Time Zone Converter



  • I found this gem repeated in more than 10 different Java classes. Starting from the first instance that flat out did not work, each successive copy had gradual improvements. I present to you the final version copied in at least 3 of the 10 classes I found.

    Whenever they needed to have dates represented in different time zones, they would use this pattern from hell

          private static SimpleDateFormat dateFormatGMT = new SimpleDateFormat("yyyy-MM-dd HH🇲🇲ss");
          private static SimpleDateFormat dateFormatIST = new SimpleDateFormat("yyyy-MM-dd HH🇲🇲ss");
          private static SimpleDateFormat dateFormatGMT1 = new SimpleDateFormat("HH:mm");
          private static SimpleDateFormat dateFormatIST1 = new SimpleDateFormat("HH:mm");
    
      static {
          dateFormatGMT.setTimeZone(TimeZone.getTimeZone("GMT"));
          dateFormatIST.setTimeZone(TimeZone.getTimeZone("IST"));
          dateFormatGMT1.setTimeZone(TimeZone.getTimeZone("GMT"));
          dateFormatIST1.setTimeZone(TimeZone.getTimeZone("IST"));
      }
    

    public static String convertGMTtoISTTimeZone(String strGMT) {
    try {
    if(strGMT != null && !"".equals(strGMT)) {
    Date dateGMT = dateFormatGMT.parse(strGMT.trim());
    return dateFormatIST.format(dateGMT);
    } else {
    return "";
    }
    } catch(ParseException ex) {
    logger.error("Exception: convertGMTtoISTTimeZone: " + ex.getMessage());
    }
    return strGMT;
    }
    public static String convertISTtoGMTTimeZone(String strIST){
    try {
    if(strIST!=null && !"".equals(strIST)){
    Date dateIST=dateFormatIST.parse(strIST.trim());
    return dateFormatGMT.format(dateIST);
    }else{
    return "";
    }
    } catch (ParseException ex) {
    logger.error("Exception: convertISTtoGMTTimeZone: " + ex.getMessage());
    }
    return strIST;

    }
    public static String convertGMTtoISTTimeZone1(String strGMT) {
    try {
    if(strGMT != null && !"".equals(strGMT)) {
    Date dateGMT = dateFormatGMT1.parse(strGMT.trim());
    return dateFormatIST1.format(dateGMT);
    } else {
    return "";
    }
    } catch(ParseException ex) {
    logger.error("Exception: convertGMTtoISTTimeZone1: " + ex.getMessage());
    }
    return strGMT;
    }
    public static String convertISTtoGMTTimeZone1(String strIST){
    try {
    if(strIST!=null && !"".equals(strIST)){
    Date dateIST=dateFormatIST1.parse(strIST.trim());
    return dateFormatGMT1.format(dateIST);
    }else{
    return "";
    }
    } catch (ParseException ex) {
    logger.error("Exception: convertISTtoGMTTimeZone1: " + ex.getMessage());
    }
    return strIST;

    }

    I seem to have lost the first version, but the code tells a funny story of how the author banged his head around this for quite a while, with commented code tossed everywhere and method names numbering to the 10s digit.

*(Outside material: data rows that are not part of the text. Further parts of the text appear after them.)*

(* Let $n,k$ be positive integers and $K=\min(\lfloor (n+k)/2\rfloor, n)$. Then \[ |\mathrm{Hom}^1(P_n,P_k)| = \sum_{l=\lceil (n-1)/2\rceil}^{K-1} |\mathcal L(l,\, n-1-l;\, 0,\, k-1)|. \]
   Context: For a positive integer $m$, $P_m$ denotes the path with vertex set $[m]=\{1,\dots,m\}$ in which $i$ and $j$ are adjacent iff $|i-j|=1$; $\mathrm{Hom}(P_n,P_k)$ is the set of maps $f:[n]\to[k]$ with $|f(i)-f(i+1)|=1$ for $1\le i\le n-1$, and $\mathrm{Hom}^1(P_n,P_k)=\{f\in\mathrm{Hom}(P_n,P_k): f(1)=1\}$. A lattice path from the origin to $(a,b)\in\mathbb N^2$ is a sequence of points of $\mathbb Z^2$ starting at $(0,0)$ and ending at $(a,b)$, each step being $(1,0)$ (east) or $(0,1)$ (north). For nonnegative integers $a,b,t,s$ with $a+t\ge b\ge a-s$, $\mathcal L(a,b;t,s)$ denotes the set of lattice paths from $(0,0)$ to $(a,b)$ all of whose points $(x,y)$ satisfy $x-s\le y\le x+t$. *)

theory Defs
  imports Complex_Main "HOL-Library.FuncSet"
begin

definition Hom :: "nat \<Rightarrow> nat \<Rightarrow> (nat \<Rightarrow> nat) set" where
  "Hom n k = {f \<in> {1..n} \<rightarrow>\<^sub>E {1..k}.
     \<forall>i. 1 \<le> i \<and> i \<le> n - 1 \<longrightarrow> (f i = f (i+1) + 1 \<or> f (i+1) = f i + 1)}"

definition Hom1 :: "nat \<Rightarrow> nat \<Rightarrow> (nat \<Rightarrow> nat) set" where
  "Hom1 n k = {f \<in> Hom n k. f 1 = 1}"

definition is_lattice_path :: "nat \<Rightarrow> nat \<Rightarrow> (int \<times> int) list \<Rightarrow> bool" where
  "is_lattice_path a b p \<longleftrightarrow> p \<noteq> [] \<and> hd p = (0,0) \<and> last p = (int a, int b) \<and>
     (\<forall>i. i + 1 < length p \<longrightarrow>
        (p ! (i+1) = (fst (p ! i) + 1, snd (p ! i)) \<or> p ! (i+1) = (fst (p ! i), snd (p ! i) + 1)))"

definition LP :: "nat \<Rightarrow> nat \<Rightarrow> nat \<Rightarrow> nat \<Rightarrow> (int \<times> int) list set" where
  "LP a b t s = {p. is_lattice_path a b p \<and>
     (\<forall>(x,y) \<in> set p. x - int s \<le> y \<and> y \<le> x + int t)}"

end

theory Submission
  imports Defs
begin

  • This should go on the frontpage. This is so wrong in so many ways I don't even want to enumerate them.

     



  •  The basic idea seems correct to me. What is the worse than failure?



  • @Jonathan said:

     The basic idea seems correct to me. What is the worse than failure?

    For starters, dates as strings are silly strings. This whole thing would not have been necessary had it simply used date objects instead.

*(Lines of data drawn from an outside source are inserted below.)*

text \<open>At a unit vector \<open>x\<close> almost norming \<open>T + tA\<close>, expanding \<open>\<parallel>(T + tA)x\<parallel>\<^sup>2\<close> and comparing
  with \<open>\<parallel>T + tA\<parallel>\<^sup>2 \<ge> \<parallel>T\<parallel>\<^sup>2 - 2\<epsilon>t\<parallel>T\<parallel>\<parallel>A\<parallel>\<close> bounds \<open>\<langle>Tx, Ax\<rangle>\<close> and \<open>\<parallel>Tx\<parallel>\<close> from below up to \<open>O(t)\<close>.\<close>
lemma bj_eps_orth_almost_norming_bounds:
  fixes T A :: "'a::real_normed_vector \<Rightarrow>\<^sub>L 'b::real_inner"
  assumes bj: "bj_eps_orth eps T A" and t: "0 < t"
    and x: "norm x = 1" and almost: "(norm (T + t *\<^sub>R A))\<^sup>2 - t\<^sup>2 < (norm ((T + t *\<^sub>R A) x))\<^sup>2"
  shows "- eps * norm T * norm A - t * (1 + (norm A)\<^sup>2) \<le> inner (T x) (A x)"
    and "(norm T)\<^sup>2 - t * (2 * (1 + eps) * norm T * norm A + t * (1 + (norm A)\<^sup>2)) \<le> (norm (T x))\<^sup>2"
proof -
  let ?f = "inner (T x) (A x)"
  have "(norm T)\<^sup>2 - 2 * eps * norm T * (t * norm A) \<le> (norm (T + t *\<^sub>R A))\<^sup>2"
    using bj t unfolding bj_eps_orth_def by (metis norm_scaleR abs_of_pos)
  moreover have "(norm (A x))\<^sup>2 \<le> (norm A)\<^sup>2"
    using power2_norm_blinfun_le[of A x] x by simp
  ultimately have main: "(norm T)\<^sup>2 - 2 * eps * norm T * (t * norm A) - t\<^sup>2 * (1 + (norm A)\<^sup>2)
      < (norm (T x))\<^sup>2 + 2 * t * ?f"
    using almost power2_norm_blinfun_add_scaleR[of T t A x] mult_left_mono[of "(norm (A x))\<^sup>2" "(norm A)\<^sup>2" "t\<^sup>2"]
    by (simp add: algebra_simps)
  have Tx: "(norm (T x))\<^sup>2 \<le> (norm T)\<^sup>2"
    using power2_norm_blinfun_le[of T x] x by simp
  have "t * (- 2 * eps * norm T * norm A - t * (1 + (norm A)\<^sup>2)) < t * (2 * ?f)"
    using main Tx by (simp add: algebra_simps power2_eq_square)
  then have "- 2 * eps * norm T * norm A - t * (1 + (norm A)\<^sup>2) < 2 * ?f"
    using t by simp
  moreover have "0 \<le> t * (1 + (norm A)\<^sup>2)" using t by simp
  ultimately show "- eps * norm T * norm A - t * (1 + (norm A)\<^sup>2) \<le> ?f" by linarith
  have "?f \<le> norm (T x) * norm (A x)"
    using Cauchy_Schwarz_ineq2[of "T x" "A x"] by linarith
  also have "\<dots> \<le> norm T * norm A"
    using norm_blinfun[of T x] norm_blinfun[of A x] x by (simp add: mult_mono)
  finally have "t * ?f \<le> t * (norm T * norm A)" using t by simp
  moreover have "(norm T)\<^sup>2 - t * (2 * (1 + eps) * norm T * norm A + t * (1 + (norm A)\<^sup>2))
      = (norm T)\<^sup>2 - 2 * eps * norm T * (t * norm A) - t\<^sup>2 * (1 + (norm A)\<^sup>2) - 2 * (t * (norm T * norm A))"
    by (simp add: algebra_simps power2_eq_square)
  ultimately show "(norm T)\<^sup>2 - t * (2 * (1 + eps) * norm T * norm A + t * (1 + (norm A)\<^sup>2)) \<le> (norm (T x))\<^sup>2"
    using main by linarith
qed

  • @OhNoDevelopment said:

    @Jonathan said:

     The basic idea seems correct to me. What is the worse than failure?

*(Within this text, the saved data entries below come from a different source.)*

(* Let $U$ be a finite set, $\alpha>1$ and $\delta\in[0,1)$. For probability distributions $P,Q$ on $U$, $e^{(\alpha-1)D^\delta_\alpha(P\|Q)}$ equals the optimal value of the program $$\min_{P',Q'} \sum_x P'(x)^\alpha Q'(x)^{1-\alpha}\quad\text{s.t.}\quad \sum_x P'(x)=\sum_x Q'(x)=1,\ 0\le P'(x)\le \tfrac{P(x)}{1-\delta},\ 0\le Q'(x)\le\tfrac{Q(x)}{1-\delta}\ \ \forall x,$$ the objective is jointly convex in $(P,Q,P',Q')$ over a convex feasible set, and consequently $(P,Q)\mapsto e^{(\alpha-1)D^\delta_\alpha(P\|Q)}$ is jointly convex.
   Context: For $\alpha>1$, $D_\alpha(P\|Q)=\frac{1}{\alpha-1}\log\sum_x P(x)^\alpha Q(x)^{1-\alpha}$ (with $0^\alpha 0^{1-\alpha}=0$ and $u^\alpha 0^{1-\alpha}=\infty$ for $u>0$), and $D^\delta_\alpha(P\|Q)=\inf\{D_\alpha(P'\|Q'): P=(1-\delta)P'+\delta P'',\ Q=(1-\delta)Q'+\delta Q''\}$, the infimum over probability distributions $P',P'',Q',Q''$ on $U$. *)

theory Defs
  imports "HOL-Analysis.Analysis"
begin

text \<open>Probability distributions on a finite type (the finite set U is the universe of the type).\<close>
definition is_dist :: "('a::finite \<Rightarrow> real) \<Rightarrow> bool" where
  "is_dist P \<longleftrightarrow> (\<forall>x. 0 \<le> P x) \<and> (\<Sum>x\<in>UNIV. P x) = 1"

definition renyi_term :: "real \<Rightarrow> real \<Rightarrow> real \<Rightarrow> ereal" where
  "renyi_term \<alpha> u v =
     (if u = 0 \<and> v = 0 then 0
      else if v = 0 then \<infinity>
      else ereal (u powr \<alpha> * v powr (1 - \<alpha>)))"

definition renyi_sum :: "real \<Rightarrow> ('a::finite \<Rightarrow> real) \<Rightarrow> ('a \<Rightarrow> real) \<Rightarrow> ereal" where
  "renyi_sum \<alpha> P Q = (\<Sum>x\<in>UNIV. renyi_term \<alpha> (P x) (Q x))"

definition renyi_div :: "real \<Rightarrow> ('a::finite \<Rightarrow> real) \<Rightarrow> ('a \<Rightarrow> real) \<Rightarrow> ereal" where
  "renyi_div \<alpha> P Q =
     (if renyi_sum \<alpha> P Q = \<infinity> then \<infinity>
      else ereal (ln (real_of_ereal (renyi_sum \<alpha> P Q)) / (\<alpha> - 1)))"

definition smooth_renyi :: "real \<Rightarrow> real \<Rightarrow> ('a::finite \<Rightarrow> real) \<Rightarrow> ('a \<Rightarrow> real) \<Rightarrow> ereal" where
  "smooth_renyi \<alpha> \<delta> P Q =
     (INF (P', P'', Q', Q'') \<in> {(P', P'', Q', Q'').
          is_dist P' \<and> is_dist P'' \<and> is_dist Q' \<and> is_dist Q'' \<and>
          P = (\<lambda>x. (1 - \<delta>) * P' x + \<delta> * P'' x) \<and>
          Q = (\<lambda>x. (1 - \<delta>) * Q' x + \<delta> * Q'' x)}.
        renyi_div \<alpha> P' Q')"

fun exp_ereal :: "ereal \<Rightarrow> ereal" where
  "exp_ereal (ereal r) = ereal (exp r)"
| "exp_ereal PInfty = PInfty"
| "exp_ereal MInfty = 0"

definition smooth_feasible :: "real \<Rightarrow> ('a::finite \<Rightarrow> real) \<Rightarrow> ('a \<Rightarrow> real)
    \<Rightarrow> ('a \<Rightarrow> real) \<Rightarrow> ('a \<Rightarrow> real) \<Rightarrow> bool" where
  "smooth_feasible \<delta> P Q P' Q' \<longleftrightarrow>
     (\<Sum>x\<in>UNIV. P' x) = 1 \<and> (\<Sum>x\<in>UNIV. Q' x) = 1 \<and>
     (\<forall>x. 0 \<le> P' x \<and> P' x \<le> P x / (1 - \<delta>) \<and> 0 \<le> Q' x \<and> Q' x \<le> Q x / (1 - \<delta>))"

definition joint_feasible :: "real \<Rightarrow> (('a::finite \<Rightarrow> real) \<times> ('a \<Rightarrow> real) \<times> ('a \<Rightarrow> real) \<times> ('a \<Rightarrow> real)) set" where
  "joint_feasible \<delta> = {(P, Q, P', Q'). is_dist P \<and> is_dist Q \<and> smooth_feasible \<delta> P Q P' Q'}"

definition cmix :: "real \<Rightarrow> ('a \<Rightarrow> real) \<Rightarrow> ('a \<Rightarrow> real) \<Rightarrow> ('a \<Rightarrow> real)" where
  "cmix t f g = (\<lambda>x. t * f x + (1 - t) * g x)"

end

theory Submission
  imports Defs
begin

text \<open>Writing P = (1 - \<delta>) P' + \<delta> P'' with a distribution P'' is possible exactly when the
  distribution P' satisfies P' \<le> P / (1 - \<delta>), and x \<mapsto> exp ((\<alpha> - 1) x) maps [-\<infinity>, \<infinity>]
  order-isomorphically onto [0, \<infinity>], so it commutes with the infimum defining the smoothed
  divergence; this gives the program. Each summand u^\<alpha> v^(1 - \<alpha>) = v (u / v)^\<alpha> is the perspective of
  the convex function u^\<alpha>, hence jointly convex, and the constraints are linear in
  (P, Q, P', Q'). Minimising a jointly convex function over the fibres of a convex set yields
  a convex function of (P, Q).\<close>

lemma convex_on_powr_nonneg:
  fixes p :: real
  assumes "p \<ge> 1"
  shows "convex_on {0..} (\<lambda>x. x powr p)"
proof
  fix t x y :: real
  assume t: "0 < t" "t < 1" and xy: "x \<in> {0..}" "y \<in> {0..}"
  have shrink: "(s * z) powr p \<le> s * z powr p" if "0 \<le> s" "s \<le> 1" "0 \<le> z" for s z :: real
  proof -
    have "s powr p \<le> s powr 1"
      using that assms by (intro powr_mono') auto
    then show ?thesis
      using that by (simp add: powr_mult mult_right_mono)
  qed
  consider "x = 0" | "y = 0" | "0 < x" "0 < y" using xy by fastforce
  then show "((1 - t) *\<^sub>R x + t *\<^sub>R y) powr p \<le> (1 - t) * x powr p + t * y powr p"
  proof cases
    case 1
    then show ?thesis using t xy assms shrink[of t y] by simp
  next
    case 2
    then show ?thesis using t xy assms shrink[of "1 - t" x] by simp
  next
    case 3
    then show ?thesis using t by (intro convex_onD[OF powr_convex[OF assms]]) auto
  qed
qed simp

text \<open>Where v = 0 the factor v kills the junk value of u / v, so the perspective is extended
  by 0 at the origin; the points (u, 0) with u > 0, where it would be infinite, are excluded.\<close>
lemma perspective_convex_le:
  fixes g :: "real \<Rightarrow> real"
  assumes g: "convex_on {0..} g"
    and uv: "0 \<le> u1" "0 \<le> u2" "0 \<le> v1" "0 \<le> v2" "v1 = 0 \<Longrightarrow> u1 = 0" "v2 = 0 \<Longrightarrow> u2 = 0"
    and t: "0 \<le> t" "t \<le> 1"
  shows "(t * v1 + (1 - t) * v2) * g ((t * u1 + (1 - t) * u2) / (t * v1 + (1 - t) * v2))
     \<le> t * (v1 * g (u1 / v1)) + (1 - t) * (v2 * g (u2 / v2))"
proof -
  define v where "v = t * v1 + (1 - t) * v2"
  have parts: "0 \<le> t * v1" "0 \<le> (1 - t) * v2" using uv t by auto
  then consider "t * v1 = 0" "(1 - t) * v2 = 0" | "0 < v" unfolding v_def by fastforce
  then show ?thesis
  proof cases
    case 1
    then show ?thesis using uv by (auto simp: v_def)
  next
    case 2
    define l where "l = (1 - t) * v2 / v"
    have l: "0 \<le> l" "l \<le> 1" "1 - l = t * v1 / v"
      using 2 parts by (auto simp: l_def v_def field_simps)
    have "(1 - l) * (u1 / v1) = t * u1 / v"
      using uv(5) unfolding l(3) by (cases "v1 = 0") auto
    moreover have "l * (u2 / v2) = (1 - t) * u2 / v"
      using uv(6) unfolding l_def by (cases "v2 = 0") auto
    ultimately have "(t * u1 + (1 - t) * u2) / v = (1 - l) *\<^sub>R (u1 / v1) + l *\<^sub>R (u2 / v2)"
      by (simp add: add_divide_distrib)
    moreover have "g ((1 - l) *\<^sub>R (u1 / v1) + l *\<^sub>R (u2 / v2)) \<le> (1 - l) * g (u1 / v1) + l * g (u2 / v2)"
      using uv l by (intro convex_onD[OF g]) auto
    ultimately have "v * g ((t * u1 + (1 - t) * u2) / v) \<le> v * ((1 - l) * g (u1 / v1) + l * g (u2 / v2))"
      using 2 by simp
    also have "\<dots> = (v * (1 - l)) * g (u1 / v1) + (v * l) * g (u2 / v2)"
      by (simp add: algebra_simps)
    also have "\<dots> = t * (v1 * g (u1 / v1)) + (1 - t) * (v2 * g (u2 / v2))"
      using 2 l(3) by (simp add: l_def)
    finally show ?thesis unfolding v_def .
  qed
qed

lemma ereal_mult_INF:
  fixes f :: "'a \<Rightarrow> ereal"
  assumes "0 \<le> c" "A \<noteq> {}"
  shows "ereal c * (INF a\<in>A. f a) = (INF a\<in>A. ereal c * f a)"
proof (cases "c = 0")
  case True
  then show ?thesis using assms(2) by (simp add: zero_ereal_def[symmetric])
next
  case False
  then show ?thesis
    using ereal_Inf_cmult[of c "\<lambda>x. x \<in> f ` A"] assms(1)
    by (simp add: setcompr_eq_image image_image)
qed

    For starters, dates as strings are silly strings. This whole thing would not have been necessary had it simply used date objects instead.

     

    Dates as strings are necessary in order for them to be human readable.

    So this code doesn't meet your requirements? You haven't shown us your requirements and this code is basically correct for what it does.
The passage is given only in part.